By Paul Harasim
Las Vegas Review-Journal (Nevada)
Copyright 2007 DR Partners d/b/a Las Vegas Review-Journal
All Rights Reserved
Blood seeped from her father’s mouth as she worked frantically to breathe air into his lungs.
Jennifer Lavin was remembering that day in her parent’s bedroom when she tried to save her dad’s life.
“It’s hard,” she said, her voice so soft that she was almost whispering.
She recalled how his face kept turning a deeper blue.
And she remembered how she had her mother close the door so that her younger brother wouldn’t see his dad die in front of him.
“At first, I didn’t know whether I could continue working as an EMT (emergency medical technician),” Lavin, 22, said Tuesday as she sat inside the medical facility at the Las Vegas Motor Speedway. “I wondered if I could have done more. I wasn’t sure I could handle it. “
But she has worked through what happened in December 2004 so well that Dr. Dale Carrison, the medical director at the speedway, calls her an indispensable member of the medical team working this NASCAR weekend in Las Vegas.

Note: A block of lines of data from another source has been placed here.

lemma mult_log_diff_le:
  fixes p q b :: real
  assumes b: "b > 1" and p: "p > 0" and q: "q > 0"
  shows "q * (log b p - log b q) \<le> (p - q) / ln b"
proof -
  have "q * (log b p - log b q) = q * ln (p / q) / ln b"
    using p q by (simp add: log_def ln_div diff_divide_distrib[symmetric] right_diff_distrib)
  also have "\<dots> \<le> q * (p / q - 1) / ln b"
    using p q b by (intro divide_right_mono mult_left_mono ln_le_minus_one) auto
  also have "\<dots> = (p - q) / ln b" using q b by (simp add: field_simps)
  finally show ?thesis .
qed
lemma is_norm_ge_norm:
  fixes n :: "'a::euclidean_space \<Rightarrow> real"
  assumes "is_norm n"
  obtains c where "c > 0" "\<And>x. c * norm x \<le> n x"
proof -
  obtain b :: 'a where "b \<in> Basis" using nonempty_Basis by blast
  then have "sphere 0 1 \<noteq> ({} :: 'a set)" by (auto intro!: exI[of _ b])
  then obtain x0 :: 'a where x0: "x0 \<in> sphere 0 1" "\<And>y. y \<in> sphere 0 1 \<Longrightarrow> n x0 \<le> n y"
    using continuous_attains_inf[OF compact_sphere _ continuous_on_is_norm[OF assms]] by blast
  have "n x0 > 0"
    using x0(1) is_norm_eq_0_iff[OF assms, of x0] is_norm_nonneg[OF assms, of x0] by auto
  moreover have "n x0 * norm x \<le> n x" for x
  proof (cases "x = 0")
    case False
    then have "n x0 \<le> n ((1 / norm x) *\<^sub>R x)" by (intro x0(2)) simp
    also have "\<dots> = n x / norm x" by (simp add: is_norm_scaleR[OF assms])
    finally show ?thesis using False by (simp add: field_simps)
  qed (simp add: is_norm_0[OF assms])
  ultimately show thesis by (rule that)
qed

lemma is_norm_midpoint_power2_le:
  assumes "is_norm n"
  shows "(n ((1/2) *\<^sub>R (x + y)))\<^sup>2 \<le> ((n x)\<^sup>2 + (n y)\<^sup>2) / 2"
proof -
  have "n ((1/2) *\<^sub>R (x + y)) \<le> (n x + n y) / 2"
    using is_norm_triangle[OF assms, of x y] by (simp add: is_norm_scaleR[OF assms])
  then have "(n ((1/2) *\<^sub>R (x + y)))\<^sup>2 \<le> ((n x + n y) / 2)\<^sup>2"
    by (rule power_mono) (simp add: is_norm_nonneg[OF assms])
  also have "\<dots> \<le> ((n x)\<^sup>2 + (n y)\<^sup>2) / 2"
    using sum_squares_ge_zero[of "n x - n y" 0] by (simp add: power2_eq_square field_simps)
  finally show ?thesis .
qed

lemma grad_eqI:
  fixes f :: "'a::real_inner \<Rightarrow> real"
  assumes "(f has_derivative (\<lambda>v. D \<bullet> v)) (at x)"
  shows "grad f x = D"
proof -
  have "(f has_derivative (\<lambda>v. grad f x \<bullet> v)) (at x)"
    unfolding grad_def by (rule someI[of _ D]) (rule assms)
  then have "(\<lambda>v. grad f x \<bullet> v) = (\<lambda>v. D \<bullet> v)" using assms by (rule has_derivative_unique)
  then have "(grad f x - D) \<bullet> (grad f x - D) = 0" by (metis inner_diff_left diff_self)
  then show ?thesis by simp
qed

lemma has_real_derivative_along_line:
  fixes f :: "'a::real_inner \<Rightarrow> real"
  assumes "(f has_derivative (\<lambda>v. D \<bullet> v)) (at x)"
  shows "((\<lambda>t. f (x + t *\<^sub>R y)) has_real_derivative D \<bullet> y) (at 0)"
proof -
  have "((\<lambda>t. x + t *\<^sub>R y) has_derivative (\<lambda>t. t *\<^sub>R y)) (at 0)"
    using has_derivative_add[OF has_derivative_const[of x]
        has_derivative_scaleR_left[OF has_derivative_ident]]
    by simp
  moreover have "(f has_derivative (\<lambda>v. D \<bullet> v)) (at (x + 0 *\<^sub>R y))"
    using assms by simp
  ultimately have "((\<lambda>t. f (x + t *\<^sub>R y)) has_derivative (\<lambda>t. D \<bullet> (t *\<^sub>R y))) (at 0)"
    by (rule has_derivative_compose)
  moreover have "(\<lambda>t. D \<bullet> (t *\<^sub>R y)) = (*) (D \<bullet> y)"
    by (simp add: fun_eq_iff)
  ultimately show ?thesis
    by (simp only: has_field_derivative_def)
qed

lemma has_derivative_of_quadratic_remainder:
  fixes f :: "'a::real_inner \<Rightarrow> real"
  assumes "\<And>v. \<bar>f (x + v) - f x - D \<bullet> v\<bar> \<le> C * (norm v)\<^sup>2"
  shows "(f has_derivative (\<lambda>v. D \<bullet> v)) (at x)"
  unfolding has_derivative_at
proof
  show "bounded_linear ((\<bullet>) D)" by (rule bounded_linear_inner_right)
  have bound: "norm (norm (f (x + v) - f x - D \<bullet> v) / norm v) \<le> C * norm v" for v
  proof (cases "v = 0")
    case False
    have "\<bar>f (x + v) - f x - D \<bullet> v\<bar> \<le> C * norm v * norm v"
      using assms[of v] by (simp add: power2_eq_square mult.assoc)
    then show ?thesis using False by (simp add: pos_divide_le_eq)
  qed simp
  have "((\<lambda>v. C * norm v) \<longlongrightarrow> 0) (at 0)"
    using tendsto_mult_right_zero[OF tendsto_norm_zero[OF tendsto_ident_at]] .
  then show "(\<lambda>v. norm (f (x + v) - f x - D \<bullet> v) / norm v) \<midarrow>0\<rightarrow> 0"
    by (rule Lim_null_comparison[OF always_eventually[OF allI[OF bound]]])
qed

text \<open>Midpoint convexity turns the upper bound at \<open>x - v\<close> into a matching lower bound at \<open>x + v\<close>.\<close>

lemma has_derivative_of_midpoint_convex_quadratic_upper:
  fixes f :: "'a::real_inner \<Rightarrow> real"
  assumes midpoint: "\<And>v. 2 * f x \<le> f (x + v) + f (x - v)"
    and upper: "\<And>v. f (x + v) \<le> f x + g \<bullet> v + C * (norm v)\<^sup>2"
  shows "(f has_derivative (\<lambda>v. g \<bullet> v)) (at x)"
proof (rule has_derivative_of_quadratic_remainder)
  fix v
  have "f (x - v) \<le> f x - g \<bullet> v + C * (norm v)\<^sup>2" using upper[of "- v"] by simp
  then show "\<bar>f (x + v) - f x - g \<bullet> v\<bar> \<le> C * (norm v)\<^sup>2"
    using upper[of v] midpoint[of v] unfolding abs_le_iff by linarith
qed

“She has been through a lot but I think she’s grown even stronger. She’s the kind of person we’re so fortunate to have, always willing to go the extra mile to help people,” said Carrison, who is also director of emergency services at the University Medical Center. “She’s always ready to go.”
The racetrack medical staff takes care of just about every ailment that members of the NASCAR family suffer while in Las Vegas. Race spectators who fall ill also get treatment.
“Our emergency room at the track acts like practically any other emergency room,” Carrison said. “If it’s something serious, we send them to UMC.”
It was early in the morning when Lavin was awakened at home by the cries of her mother. Her father, her mother said, wouldn’t wake up in bed and he didn’t seem to be breathing.
Lavin started the emergency measures she had learned in EMT training as her mother called 911.
She couldn’t get a pulse.
“I knew in my heart he was gone, but I had to try,” she said. “There was so much blood. It felt like I worked with him for a long, long time, but in reality I know it was just minutes. Your time gets so skewed at a time like that.”
Firefighters and paramedics who arrived on the scene told her there was nothing she could have done. So did doctors.
Her father had suffered from gastrointestinal bleeding. Though he had no previous symptoms, an ulcer may have burst inside him.
“We didn’t have an autopsy done, so we’ll never know the exact cause for sure,” Lavin said.
Michael Lavin, a self-employed electrician, was 52 when he died.
As she thought about quitting work as an EMT in the wake of her father’s death, she also remembered the good days with her father. She remembered his zest for life, how he’d take her out on a motorcycle when she was a little girl.
“We’d ride all over town,” she said. “It was so much fun.”
She also remembered how he took her fishing and shared his values.
Help people when you can, he said, and be around others who also want to make the world a better place. And make sure, he said, that you do the best you can at whatever you do.
“That’s one reason why I love this job at the racetrack,” she said. “We’re 200 people who want to help others out. People like Dr. Carrison and Dr (Dave) MacIntrye (a trauma surgeon) will do all they can, just like we all do, to help people.”
In the end, what made Lavin keep on working as an EMT, and what keeps her dream alive of becoming a paramedic, she said, is her father.
“My father was so proud of me, of my helping people,” she said. “He wouldn’t have wanted me to quit. I realize now that no matter what I would have done, my father still would have died. My dad is making me work harder than ever.”